§ **TASK TO CARRY OUT**
Below are the entries. Transcribe exactly the lines from the one with "- ?I \<alpha> f)" through the one with "unfolding lower upper", ends included, and leave out all others.

[EXTRACTED INFORMATION — start]

lemma trap_err_eq:
  "trap_err f N = period_integral (- \<alpha>) (\<lambda>z. f z * (trap_kernel N z - 1/2))
     - period_integral \<alpha> (\<lambda>z. f z * (trap_kernel N z + 1/2))
     + 2 * pi * \<i> * residue f s0 * ((if Im s0 < 0 then 1/2 else - 1/2) - trap_kernel N window_pole)"
proof -
  let ?I = period_integral
  have split: "?I y (\<lambda>z. f z * trap_kernel N z) = ?I y (\<lambda>z. f z * (trap_kernel N z + a)) + (- a) * ?I y f"
    if "y = \<alpha> \<or> y = - \<alpha>" for y a
  proof -
    have "?I y (\<lambda>z. f z * trap_kernel N z) = ?I y (\<lambda>z. f z * (trap_kernel N z + a) + (- a) * f z)"
      by (simp add: algebra_simps)
    also have "\<dots> = ?I y (\<lambda>z. f z * (trap_kernel N z + a)) + (- a) * ?I y f"
      using continuous_on_boundary_lines[OF that]
      by (intro period_integral_add_lmul continuous_intros) auto
    finally show ?thesis .
  qed
  have lower: "?I (- \<alpha>) f - ?I 0 f = (if Im s0 < 0 then 2 * pi * \<i> * residue f s0 else 0)"
    using period_integral_difference[of "- \<alpha>" 0] alpha_pos Im_s0_less Im_s0_nonzero by auto
  have upper: "?I 0 f - ?I \<alpha> f = (if 0 < Im s0 then 2 * pi * \<i> * residue f s0 else 0)"
    using period_integral_difference[of 0 \<alpha>] alpha_pos Im_s0_less Im_s0_nonzero by auto
  have jumps: "(?I (- \<alpha>) f - ?I 0 f) - (?I 0 f - ?I \<alpha> f)
      = 2 * pi * \<i> * residue f s0 * (2 * (if Im s0 < 0 then 1/2 else - 1/2))"
    unfolding lower upper using Im_s0_nonzero by auto
  have "trap_err f N = 2 * pi * \<i> * ((\<Sum>j<N. f (node j)) / (\<i> * of_nat N)) - ?I 0 f"
    unfolding trap_err_def trapezoid_sum period_integral_real ..
  moreover have "?I (- \<alpha>) (\<lambda>z. f z * trap_kernel N z)
      = ?I (- \<alpha>) (\<lambda>z. f z * (trap_kernel N z - 1/2)) + 1/2 * ?I (- \<alpha>) f"
    using split[of "- \<alpha>" "- 1/2"] by simp
  moreover have "?I \<alpha> (\<lambda>z. f z * trap_kernel N z)
      = ?I \<alpha> (\<lambda>z. f z * (trap_kernel N z + 1/2)) - 1/2 * ?I \<alpha> f"
    using split[of \<alpha> "1/2"] by simp
  ultimately show ?thesis using kernel_period_integral_difference jumps by algebra
qed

[EXTRACTED INFORMATION — finish]

§ **WORKED SOLUTION**
  have jumps: "(?I (- \<alpha>) f - ?I 0 f) - (?I 0 f - ?I \<alpha> f)
      = 2 * pi * \<i> * residue f s0 * (2 * (if Im s0 < 0 then 1/2 else - 1/2))"
    unfolding lower upper using Im_s0_nonzero by auto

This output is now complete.